*** GIVEN INFORMATION ***

lemma hbar_scaled_le_iff:
  assumes "\<kappa> \<le> 0"
  shows "2 * (1 + \<kappa>) * hbar \<kappa> \<le> 5 - sqrt 5 \<longleftrightarrow> \<kappa> \<le> kappabar"
proof (cases "1 + \<kappa> \<le> 0")
  case True
  have "(1 + \<kappa>) * hbar \<kappa> \<le> 0"
    using True one_less_hbar[of \<kappa>] assms by (simp add: mult_nonpos_nonneg)
  moreover have "sqrt 5 < (5::real)" by (rule real_less_lsqrt) auto
  moreover have "\<kappa> \<le> kappabar" using True kappabar_bounds by linarith
  ultimately show ?thesis by linarith
next
  case False
  define t s where "t = sqrt (5::real)" and "s = sqrt (1 - \<kappa> + \<kappa>^2)"
  have t: "t^2 = 5" "2 < t" "t < 5" unfolding t_def
    by (simp, (rule real_less_rsqrt, simp), (rule real_less_lsqrt, simp_all))
  have s: "s^2 = 1 - \<kappa> + \<kappa>^2" "0 \<le> s"
    unfolding s_def using one_minus_plus_sq_pos[of \<kappa>] by auto
  have d: "0 < 1 + \<kappa> + s" unfolding s_def by (rule hbar_denominator_pos)
  have hb: "hbar \<kappa> = 3 / (1 + \<kappa> + s)" by (simp add: hbar_def s_def)
  have "2 * (1 + \<kappa>) * hbar \<kappa> \<le> 5 - t \<longleftrightarrow> (1 + t) * (1 + \<kappa>) \<le> (5 - t) * s"
    using d unfolding hb by (simp add: field_simps)
  also have "\<dots> \<longleftrightarrow> ((1 + t) * (1 + \<kappa>))^2 \<le> ((5 - t) * s)^2"
  proof -
    have "0 \<le> (1 + t) * (1 + \<kappa>)" "0 \<le> (5 - t) * s" using False t s by simp_all
    then show ?thesis by (metis abs_le_square_iff abs_of_nonneg)
  qed
  also have "\<dots> \<longleftrightarrow> 0 \<le> ((5 - t) * s)^2 - ((1 + t) * (1 + \<kappa>))^2" by simp
  also have "((5 - t) * s)^2 - ((1 + t) * (1 + \<kappa>))^2
      = - (6 * (t - 2) * (2 * \<kappa>^2 + (9 + 5 * t) * \<kappa> + 2))
        + 27 * \<kappa> * (t^2 - 5) + (5 - t)^2 * (s^2 - (1 - \<kappa> + \<kappa>^2))"
    by (simp add: power2_eq_square algebra_simps)
  also have "\<dots> = - (6 * (t - 2) * (2 * \<kappa>^2 + (9 + 5 * t) * \<kappa> + 2))"
    using t(1) s(1) by simp
  also have "0 \<le> \<dots> \<longleftrightarrow> 2 * \<kappa>^2 + (9 + 5 * t) * \<kappa> + 2 \<le> 0"
    using t(2) by (simp add: mult_le_0_iff)
  also have "\<dots> \<longleftrightarrow> \<kappa> \<le> kappabar"
    using False kappabar_quadratic_nonpos_iff by (simp add: t_def)
  finally show ?thesis by (simp add: t_def)
qed

lemma hopt_poly_hbar_nonpos_iff:
  assumes "\<kappa> \<le> 0"
  shows "hopt_poly \<kappa> (hbar \<kappa>) \<le> 0 \<longleftrightarrow> \<kappa> \<le> kappabar"
proof -
  define u t where "u = (1 + \<kappa>) * hbar \<kappa>" and "t = sqrt (5::real)"
  have "t * t = 5" by (simp add: t_def)
  have "2 < t" unfolding t_def by (rule real_less_rsqrt) simp
  have "hopt_poly \<kappa> (hbar \<kappa>) = 5 * u - u^2 - 5"
    unfolding u_def by (simp add: hopt_poly_via_hbar_poly hbar_poly_hbar)
  then have "4 * hopt_poly \<kappa> (hbar \<kappa>) = - ((2 * u - (5 - t)) * (2 * u - (5 + t)))"
    using \<open>t * t = 5\<close> by (simp add: power2_eq_square algebra_simps)
  then have "hopt_poly \<kappa> (hbar \<kappa>) \<le> 0 \<longleftrightarrow> 0 \<le> (2 * u - (5 - t)) * (2 * u - (5 + t))"
    by linarith
  also have "\<dots> \<longleftrightarrow> 2 * u \<le> 5 - t"
    using hbar_poly_nonneg_imp_le[OF assms, of "hbar \<kappa>"] \<open>2 < t\<close>
    by (simp add: zero_le_mult_iff hbar_poly_hbar u_def)
  finally have "hopt_poly \<kappa> (hbar \<kappa>) \<le> 0 \<longleftrightarrow> 2 * u \<le> 5 - t" .
  then show ?thesis using hbar_scaled_le_iff[OF assms] unfolding u_def t_def mult.assoc by blast
qed

lemma hopt_poly_unique_root:
  assumes "\<kappa> \<le> kappabar"
  shows "\<exists>!h. h \<in> {1..hbar \<kappa>} \<and> hopt_poly \<kappa> h = 0"
proof -
  have \<kappa>: "\<kappa> \<le> 0" using assms kappabar_bounds by linarith
  have "hopt_poly \<kappa> (hbar \<kappa>) \<le> 0" using hopt_poly_hbar_nonpos_iff[OF \<kappa>] assms by simp
  then obtain r where r: "1 \<le> r" "r \<le> hbar \<kappa>" "hopt_poly \<kappa> r = 0"
    using IVT2'[of "hopt_poly \<kappa>" "hbar \<kappa>" 0 1] one_less_hbar[of \<kappa>] \<kappa>
    by (auto simp: hopt_poly_1 hopt_poly_continuous_on)
  show ?thesis
  proof (rule ex1I[of _ r])
    show "r \<in> {1..hbar \<kappa>} \<and> hopt_poly \<kappa> r = 0" using r by simp
  next
    fix h assume "h \<in> {1..hbar \<kappa>} \<and> hopt_poly \<kappa> h = 0"
    then show "h = r"
      using r hopt_poly_strict_antimono[OF \<kappa>, of h r] hopt_poly_strict_antimono[OF \<kappa>, of r h]
      by (cases h r rule: linorder_cases) auto
  qed
qed

lemma hstar_sign_change:
  assumes "\<kappa> \<le> 0"
  shows "1 < hstar \<kappa>" "hstar \<kappa> \<le> hbar \<kappa>"
    and "\<And>h. 1 \<le> h \<Longrightarrow> h < hstar \<kappa> \<Longrightarrow> 0 < hopt_poly \<kappa> h"
    and "\<And>h. hstar \<kappa> < h \<Longrightarrow> h \<le> hbar \<kappa> \<Longrightarrow> hopt_poly \<kappa> h < 0"
proof -
  have "1 < hstar \<kappa> \<and> hstar \<kappa> \<le> hbar \<kappa> \<and> 0 \<le> hopt_poly \<kappa> (hstar \<kappa>)
      \<and> (hstar \<kappa> < hbar \<kappa> \<longrightarrow> hopt_poly \<kappa> (hstar \<kappa>) = 0)" (is ?key)
  proof (cases "\<kappa> \<le> kappabar")
    case True
    then have "hstar \<kappa> \<in> {1..hbar \<kappa>} \<and> hopt_poly \<kappa> (hstar \<kappa>) = 0"
      unfolding hstar_def hopt_def using theI'[OF hopt_poly_unique_root[OF True]] by simp
    moreover from this have "hstar \<kappa> \<noteq> 1" using hopt_poly_1[of \<kappa>] by auto
    ultimately show ?thesis by auto
  next
    case False
    then show ?thesis
      using hopt_poly_hbar_nonpos_iff[OF assms] one_less_hbar[of \<kappa>] assms by (simp add: hstar_def)
  qed
  then show "1 < hstar \<kappa>" "hstar \<kappa> \<le> hbar \<kappa>" by auto
  show "0 < hopt_poly \<kappa> h" if "1 \<le> h" "h < hstar \<kappa>" for h
    using that \<open>?key\<close> hopt_poly_strict_antimono[OF assms, of h "hstar \<kappa>"] by auto
  show "hopt_poly \<kappa> h < 0" if "hstar \<kappa> < h" "h \<le> hbar \<kappa>" for h
    using that \<open>?key\<close> hopt_poly_strict_antimono[OF assms, of "hstar \<kappa>" h] by auto
qed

***

■ **WHAT TO WORK ON**
Go through the entries and filter for lines holding the word "that"; copy each match.

■ **RESULT OF THIS EXERCISE**
    using that \<open>?key\<close> hopt_poly_strict_antimono[OF assms, of h "hstar \<kappa>"] by auto
    using that \<open>?key\<close> hopt_poly_strict_antimono[OF assms, of "hstar \<kappa>" h] by auto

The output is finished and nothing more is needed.